LISTED RECORDS:

lemma card_filter_three:
  assumes "a \<noteq> b" "a \<noteq> c" "b \<noteq> c"
  shows "card {e\<in>{a, b, c}. P e} = of_bool (P a) + of_bool (P b) + of_bool (P c)"
proof -
  have "{e\<in>{a, b, c}. P e} =
      (if P a then {a} else {}) \<union> (if P b then {b} else {}) \<union> (if P c then {c} else {})"
    by auto
  with assms show ?thesis by (cases "P a"; cases "P b"; cases "P c") simp_all
qed

lemma card_differ_eq_1_iff:
  fixes f :: "nat \<Rightarrow> int"
  assumes "a \<noteq> b" "a \<noteq> c" "b \<noteq> c" and "\<forall>e\<in>{l, a, b, c}. f e = 1 \<or> f e = -1"
  shows "card {e\<in>{a, b, c}. f e \<noteq> f l} = 1 \<longleftrightarrow> f a + f b + f c = f l"
  using assms(4) unfolding card_filter_three[OF assms(1-3)] by auto

lemma sign_eqI:
  fixes x y l :: int
  assumes "x = 1 \<or> x = -1" "y = 1 \<or> y = -1" "l = 1 \<or> l = -1" "x = l \<longleftrightarrow> y = l"
  shows "x = y"
  using assms by auto

lemma locally_valid_iff_vertex_valid:
  "locally_valid n f \<longleftrightarrow> mv_assign n f \<and> (\<forall>k\<in>{1..n-1}. vertex_valid f k)"
proof -
  have "card {e\<in>{3*k-1, 3*k, 3*k+1}. f e \<noteq> f (3*k-3)} = 1 \<longleftrightarrow> vertex_valid f k"
    if "mv_assign n f" "k \<in> {1..n-1}" for k
    using that vertex_creases[OF that(2)] unfolding vertex_valid_def mv_assign_def
    by (intro card_differ_eq_1_iff) auto
  then show ?thesis unfolding locally_valid_def by blast
qed

lemma locally_valid_vertex_agreement:
  assumes "locally_valid N f" "k \<in> {1..N-1}"
  shows "top_agrees f k \<or> bottom_agrees f k"
    and "top_agrees f k \<and> bottom_agrees f k \<longleftrightarrow>
      (f (3*k-1), f (3*k), f (3*k+1)) = (1, -1, 1) \<or> (f (3*k-1), f (3*k), f (3*k+1)) = (-1, 1, -1)"
proof -
  have "vertex_valid f k" "mv_assign N f" using assms locally_valid_iff_vertex_valid by auto
  moreover have "\<forall>e\<in>{3*k-3, 3*k-1, 3*k, 3*k+1}. f e = 1 \<or> f e = -1"
    using calculation(2) vertex_creases[OF assms(2)] unfolding mv_assign_def by blast
  ultimately show "top_agrees f k \<or> bottom_agrees f k"
    and "top_agrees f k \<and> bottom_agrees f k \<longleftrightarrow>
      (f (3*k-1), f (3*k), f (3*k+1)) = (1, -1, 1) \<or> (f (3*k-1), f (3*k), f (3*k+1)) = (-1, 1, -1)"
    unfolding vertex_valid_def top_agrees_def bottom_agrees_def by auto
qed

lemma mv_assign_face_flip: "mv_assign N f \<Longrightarrow> mv_assign N (face_flip N f a)"
  unfolding mv_assign_def face_flip_def by auto

lemma vertex_valid_face_flip_distant:
  assumes "1 \<le> j" "k \<noteq> j - 1" "k \<noteq> j"
  shows "vertex_valid (face_flip N f (i, j)) k = vertex_valid f k"
proof -
  have "e \<notin> border N (i, j)" if "e \<in> {3*k-3, 3*k-1, 3*k, 3*k+1}" for e
    using assms that unfolding border_def by (auto; presburger)
  then show ?thesis unfolding vertex_valid_def face_flip_def by simp
qed

lemma flippable_iff_vertex_valid:
  assumes "locally_valid N f" "1 \<le> j" "j \<le> N"
  shows "flippable N f (i, j) \<longleftrightarrow>
    (2 \<le> j \<longrightarrow> vertex_valid (face_flip N f (i, j)) (j - 1)) \<and>
    (j < N \<longrightarrow> vertex_valid (face_flip N f (i, j)) j)"
proof -
  let ?g = "face_flip N f (i, j)"
  have mv: "mv_assign N f" and valid: "\<forall>k\<in>{1..N-1}. vertex_valid f k"
    using assms(1) locally_valid_iff_vertex_valid by auto
  have "(\<forall>k\<in>{1..N-1}. vertex_valid ?g k) \<longleftrightarrow>
      (2 \<le> j \<longrightarrow> vertex_valid ?g (j - 1)) \<and> (j < N \<longrightarrow> vertex_valid ?g j)"
  proof (intro iffI conjI impI ballI)
    assume all: "\<forall>k\<in>{1..N-1}. vertex_valid ?g k"
    show "vertex_valid ?g (j - 1)" if "2 \<le> j"
      using that assms(3) by (intro all[rule_format]) auto
    show "vertex_valid ?g j" if "j < N"
      using that assms(2) by (intro all[rule_format]) auto
  next
    fix k assume "(2 \<le> j \<longrightarrow> vertex_valid ?g (j - 1)) \<and> (j < N \<longrightarrow> vertex_valid ?g j)"
      and "k \<in> {1..N-1}"
    with assms(2,3) valid vertex_valid_face_flip_distant[OF assms(2), of k N f i]
    show "vertex_valid ?g k" by (cases "k = j - 1 \<or> k = j") auto
  qed
  then show ?thesis
    unfolding flippable_def locally_valid_iff_vertex_valid using mv valid mv_assign_face_flip by blast
qed

(* The faces (i, k) lie west of the vertex x_k, the faces (i, k+1) east of it. *)
lemma vertex_valid_flip_west:
  assumes "vertex_valid f k" "1 \<le> k" "k < N"
  shows "vertex_valid (face_flip N f (1, k)) k \<longleftrightarrow> top_agrees f k"
    and "vertex_valid (face_flip N f (2, k)) k \<longleftrightarrow> bottom_agrees f k"
proof -
  have "{3*k-3, 3*k-1} \<subseteq> border N (1, k)" "{3*k, 3*k+1} \<inter> border N (1, k) = {}"
    "{3*k-3, 3*k+1} \<subseteq> border N (2, k)" "{3*k-1, 3*k} \<inter> border N (2, k) = {}"
    using assms(2,3) unfolding border_def by auto
  with assms(1) show "vertex_valid (face_flip N f (1, k)) k \<longleftrightarrow> top_agrees f k"
    and "vertex_valid (face_flip N f (2, k)) k \<longleftrightarrow> bottom_agrees f k"
    unfolding vertex_valid_def face_flip_def top_agrees_def bottom_agrees_def by auto
qed

lemma vertex_valid_flip_east:
  assumes "vertex_valid f k" "1 \<le> k"
  shows "vertex_valid (face_flip N f (1, k+1)) k \<longleftrightarrow> bottom_agrees f k"
    and "vertex_valid (face_flip N f (2, k+1)) k \<longleftrightarrow> top_agrees f k"
proof -
  have "{3*k-1, 3*k} \<subseteq> border N (1, k+1)" "{3*k-3, 3*k+1} \<inter> border N (1, k+1) = {}"
    "{3*k, 3*k+1} \<subseteq> border N (2, k+1)" "{3*k-3, 3*k-1} \<inter> border N (2, k+1) = {}"
    using assms(2) unfolding border_def by auto
  with assms(1) show "vertex_valid (face_flip N f (1, k+1)) k \<longleftrightarrow> bottom_agrees f k"
    and "vertex_valid (face_flip N f (2, k+1)) k \<longleftrightarrow> top_agrees f k"
    unfolding vertex_valid_def face_flip_def top_agrees_def bottom_agrees_def by auto
qed

lemma flippable_single_column: "locally_valid 1 f \<Longrightarrow> flippable 1 f (i, 1)"
  by (simp add: flippable_iff_vertex_valid)

lemma flippable_last_column:
  assumes "locally_valid (k+1) f" "1 \<le> k"
  shows "flippable (k+1) f (1, k+1) \<longleftrightarrow> bottom_agrees f k"
    and "flippable (k+1) f (2, k+1) \<longleftrightarrow> top_agrees f k"
proof -
  have "vertex_valid f k" using assms locally_valid_iff_vertex_valid by auto
  then show "flippable (k+1) f (1, k+1) \<longleftrightarrow> bottom_agrees f k"
    and "flippable (k+1) f (2, k+1) \<longleftrightarrow> top_agrees f k"
    using flippable_iff_vertex_valid[OF assms(1), of "k+1"] vertex_valid_flip_east[of f k "k+1"] assms(2)
    by simp_all
qed

lemma last_column_flippable:
  assumes "locally_valid n mu" "1 \<le> n"
  shows "flippable n mu (1, n) \<or> flippable n mu (2, n)"
    and "flippable n mu (1, n) \<and> flippable n mu (2, n) \<longleftrightarrow> n = 1 \<or> (n \<ge> 2 \<and>
      ((mu (3*n-4), mu (3*n-3), mu (3*n-2)) = (1, -1, 1) \<or> (mu (3*n-4), mu (3*n-3), mu (3*n-2)) = (-1, 1, -1)))"
proof -
  have "(flippable n mu (1, n) \<or> flippable n mu (2, n)) \<and>
    (flippable n mu (1, n) \<and> flippable n mu (2, n) \<longleftrightarrow> n = 1 \<or> (n \<ge> 2 \<and>
      ((mu (3*n-4), mu (3*n-3), mu (3*n-2)) = (1, -1, 1) \<or> (mu (3*n-4), mu (3*n-3), mu (3*n-2)) = (-1, 1, -1))))"
  proof (cases "n = 1")
    case True
    with assms(1) show ?thesis using flippable_single_column by simp
  next
    case False
    with assms(2) obtain k where n: "n = k + 1" and k: "1 \<le> k"
      by (cases n) auto
    have idx: "3*n-4 = 3*k-1" "3*n-3 = 3*k" "3*n-2 = 3*k+1" using n k by auto
    have "k \<in> {1..n-1}" using n k by simp
    note vertex = locally_valid_vertex_agreement[OF assms(1) this]
    have "flippable n mu (1, n) \<longleftrightarrow> bottom_agrees mu k" "flippable n mu (2, n) \<longleftrightarrow> top_agrees mu k"
      using flippable_last_column[of k mu] assms(1) k unfolding n by simp_all
    with vertex False assms(2) show ?thesis
      unfolding idx by auto
  qed
  then show "flippable n mu (1, n) \<or> flippable n mu (2, n)"
    and "flippable n mu (1, n) \<and> flippable n mu (2, n) \<longleftrightarrow> n = 1 \<or> (n \<ge> 2 \<and>
      ((mu (3*n-4), mu (3*n-3), mu (3*n-2)) = (1, -1, 1) \<or> (mu (3*n-4), mu (3*n-3), mu (3*n-2)) = (-1, 1, -1)))"
    by blast+
qed

lemma face_flip_extension_eq:
  assumes "w \<in> extensions n mu" "j \<le> n" "e \<in> creases n"
  shows "face_flip (n+1) w (i, j) e = face_flip n mu (i, j) e"
proof -
  have "e \<le> 3*n - 2" using assms(3) by (rule creases_bound)
  with assms(2) have "e \<in> border (n+1) (i, j) \<longleftrightarrow> e \<in> border n (i, j)"
    unfolding border_def by auto
  with assms(1,3) show ?thesis unfolding extensions_def face_flip_def by simp
qed

lemma flippable_extension:
  assumes "locally_valid n mu" "w \<in> extensions n mu" "a \<in> faces n"
  shows "flippable (n+1) w a \<longleftrightarrow> flippable n mu a \<and>
    (a = (1, n) \<longrightarrow> top_agrees w n) \<and> (a = (2, n) \<longrightarrow> bottom_agrees w n)"
proof -
  obtain i j where a: "a = (i, j)" and i: "i = 1 \<or> i = 2" and j: "1 \<le> j" "j \<le> n"
    using assms(3) unfolding faces_def by auto
  have lw: "locally_valid (n+1) w" using assms(2) unfolding extensions_def by simp
  have old_vertices: "vertex_valid (face_flip (n+1) w (i, j)) k \<longleftrightarrow> vertex_valid (face_flip n mu (i, j)) k"
    if "k \<in> {1..n-1}" for k
    using vertex_creases[OF that] face_flip_extension_eq[OF assms(2) j(2)]
    unfolding vertex_valid_def by auto
  have flip_w: "flippable (n+1) w (i, j) \<longleftrightarrow>
      (2 \<le> j \<longrightarrow> vertex_valid (face_flip (n+1) w (i, j)) (j - 1)) \<and>
      (j < n + 1 \<longrightarrow> vertex_valid (face_flip (n+1) w (i, j)) j)"
    using j by (intro flippable_iff_vertex_valid[OF lw]) auto
  have west: "2 \<le> j \<Longrightarrow> j - 1 \<in> {1..n-1}" using j by auto
  show ?thesis
  proof (cases "j < n")
    case True
    then have "j \<in> {1..n-1}" using j by auto
    with west old_vertices show ?thesis
      unfolding a flip_w flippable_iff_vertex_valid[OF assms(1) j] using True by auto
  next
    case False
    with j have "j = n" by simp
    moreover have "vertex_valid w n"
      using lw j locally_valid_iff_vertex_valid by auto
    ultimately show ?thesis
      using i j west old_vertices vertex_valid_flip_west[of w n "n+1"]
      unfolding a flip_w flippable_iff_vertex_valid[OF assms(1) j] by auto
  qed
qed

PROMPT:
Each line in the data where the string "that" occurs should be identified and copied.

EXPECTED OUTPUT:
    using that vertex_creases[OF that(2)] unfolding vertex_valid_def mv_assign_def
    using assms that unfolding border_def by (auto; presburger)
      using that assms(3) by (intro all[rule_format]) auto
      using that assms(2) by (intro all[rule_format]) auto
    using vertex_creases[OF that] face_flip_extension_eq[OF assms(2) j(2)]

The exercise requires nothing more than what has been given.